Ask around look at Rick’s yield data, producers in N. Central Ok on a good soil should be going for 125+ bpa easy. Unfortunately you are unlikely to hit these yield levels if you fertilize for a 75 bpa crop. An easy rule of thumb on N fertilization is 1.2 lbs of N per bushel, for a more exact number take a look at the image below.  This comes from the corn and sorghum PeteSheet and is the same table that comes from the Soil Fertility Handbook. (If you would like some Pete Sheets just send me an email requesting them at b.arnall@okstate.edu, Link to PeteSheets page).

Nitrogen, Phosphorus and Potassium Recommendations for corn and sorghum production.  Adapted from the Field guide and PeteSheet available at www.npk.okstate.edu

Nitrogen, Phosphorus and Potassium Recommendations for corn and sorghum production. Adapted from the Field guide and PeteSheet available at http://www.npk.okstate.edu

Key 4. Weed Control With sorghum utilizing a pre-plant herbicide with residual is extremely important due to the lack of over the top options.  Most times proper weed control will be accomplished by utilizing concept treated seed and use of labeled rates of a pre-emergent grass control herbicide combined with atrazine.

While I primarily focus of the four keys above there are a few other important items to consider.

Population: Prefer to think in terms of seeds per acre instead of lbs per acre.  This comes into to play with the use of a planter.  Rick Kochenower says “for seeding rate(on 30 inch rows), it isn’t  as critical as most people think it is.  Because most guys in Oklahoma tend  to under plant not over  plant.  I always suggested 45,000 but as you look at the last slide it really don’t matter much.  The way I always liked putting it is to make you sure have enough out there to not have to replant, because being late hurts more than having to few too many or too few plants.”

Row spacing:  I like 30, but many may not have a planter so I suggest at least plugging every other hole in the drill to be at a 12″-20″ spacing. Make sure your population is correct for your row spacing.  For this consult with your local seed dealer to match cultivar with row spacing and proper population.

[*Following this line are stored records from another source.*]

lemma amalg_clique:
  assumes "S \<subseteq> dom (amalg P Q U)"
    and adj: "\<And>i j. i \<in> S \<Longrightarrow> j \<in> S \<Longrightarrow> i \<noteq> j \<Longrightarrow> \<exists>r t. t \<in> rel (amalg P Q U) r \<and> i \<in> set t \<and> j \<in> set t"
  shows "S \<subseteq> {0, 2} \<or> S \<subseteq> {0, 3} \<or> S \<subseteq> {1}"
proof -
  have blocks: "{i, j} \<subseteq> {0, 2} \<or> {i, j} \<subseteq> {0, 3} \<or> {i, j} \<subseteq> {1}"
    if "i \<in> S" "j \<in> S" "i \<noteq> j" for i j
    using adj[OF that] unfolding rel_amalg by blast
  show ?thesis
  proof (cases "1 \<in> S")
    case True
    have "j = 1" if "j \<in> S" for j
    proof (rule ccontr)
      assume "j \<noteq> 1"
      then show False using blocks[OF True that] by auto
    qed
    then show ?thesis by blast
  next
    case False
    have "x \<in> {0, 2, 3}" if "x \<in> S" for x
    proof -
      have "x < 4" "x \<noteq> 1" using that assms(1) False by (auto simp: dom_amalg)
      then show ?thesis by auto
    qed
    moreover have "\<not> (2 \<in> S \<and> 3 \<in> S)" using blocks[of 2 3] by auto
    ultimately show ?thesis by blast
  qed
qed

lemma set_subset_disjoint_Nil: "set t \<subseteq> A \<Longrightarrow> set t \<subseteq> B \<Longrightarrow> A \<inter> B = {} \<Longrightarrow> t = []"
  by (metis Int_greatest set_empty subset_empty)

text \<open>
  P and Q induce the same structure on their first vertex, and their second vertices induce
  copies of U (a tuple over a single vertex is described by its length).
\<close>

locale amalg_compatible =
  fixes P Q U :: "'r lstr"
  assumes dom_P: "dom P = {..<2}" and dom_Q: "dom Q = {..<2}" and dom_U: "dom U = {..<1}"
    and P_Q_first: "\<And>r t. set t \<subseteq> {0} \<Longrightarrow> t \<in> rel P r \<longleftrightarrow> t \<in> rel Q r"
    and P_U_second: "\<And>r t. set t \<subseteq> {0} \<Longrightarrow> map (\<lambda>_. 1) t \<in> rel P r \<longleftrightarrow> t \<in> rel U r"
    and Q_U_second: "\<And>r t. set t \<subseteq> {0} \<Longrightarrow> map (\<lambda>_. 1) t \<in> rel Q r \<longleftrightarrow> t \<in> rel U r"
begin

abbreviation D :: "'r lstr" where
  "D \<equiv> amalg P Q U"

lemma nil_rel_iff: "[] \<in> rel P r \<longleftrightarrow> [] \<in> rel U r" "[] \<in> rel Q r \<longleftrightarrow> [] \<in> rel U r"
  using P_U_second[of "[]"] Q_U_second[of "[]"] by simp_all

lemma rel_amalg_P: "set t \<subseteq> {0, 2} \<Longrightarrow> t \<in> rel D r \<longleftrightarrow> map block_pos t \<in> rel P r"
proof -
  assume t: "set t \<subseteq> {0, 2}"
  have "map block_pos t \<in> rel Q r \<longleftrightarrow> map block_pos t \<in> rel P r" if "set t \<subseteq> {0, 3}"
  proof -
    have "set t \<subseteq> {0}" using t that by auto
    then show ?thesis using P_Q_first map_block_pos_first by simp
  qed
  moreover have "set t \<subseteq> {1} \<Longrightarrow> t = []" using set_subset_disjoint_Nil[OF _ t] by auto
  ultimately show ?thesis using t nil_rel_iff unfolding rel_amalg by auto
qed

lemma rel_amalg_Q: "set t \<subseteq> {0, 3} \<Longrightarrow> t \<in> rel D r \<longleftrightarrow> map block_pos t \<in> rel Q r"
proof -
  assume t: "set t \<subseteq> {0, 3}"
  have "map block_pos t \<in> rel P r \<longleftrightarrow> map block_pos t \<in> rel Q r" if "set t \<subseteq> {0, 2}"
  proof -
    have "set t \<subseteq> {0}" using t that by auto
    then show ?thesis using P_Q_first map_block_pos_first by simp
  qed
  moreover have "set t \<subseteq> {1} \<Longrightarrow> t = []" using set_subset_disjoint_Nil[OF _ t] by auto
  ultimately show ?thesis using t nil_rel_iff unfolding rel_amalg by auto
qed

lemma rel_amalg_U: "set t \<subseteq> {1} \<Longrightarrow> t \<in> rel D r \<longleftrightarrow> map block_pos t \<in> rel U r"
proof -
  assume t: "set t \<subseteq> {1}"
  then have "set t \<subseteq> {0, 2} \<or> set t \<subseteq> {0, 3} \<Longrightarrow> t = []"
    using set_subset_disjoint_Nil[OF t] by auto
  then show ?thesis using t nil_rel_iff unfolding rel_amalg by auto
qed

Insects: Scouting for aphids and head midge is very important, these little critters are yield robbers and can gum up the works at harvest.

Harvest prep:  I almost put this as the fifth key.  By chemically maturing/terminating  your crop you are both able to increase harvest efficiency and preserve moisture for a following winter crop of wheat or canola.

While this is a good start I suggest a visit with your local OSU Extension educator, consultant or seed dealer for information about your specific situation.  Just know the crop has great potential to yield big if treated right.  I like to say don’t treat your sorghum crop like the stray you adopted, treat it like your hunting dog that you traveled halfway across the country to pick up.  Good luck in 2015 and I hope the rains fall when and were needed.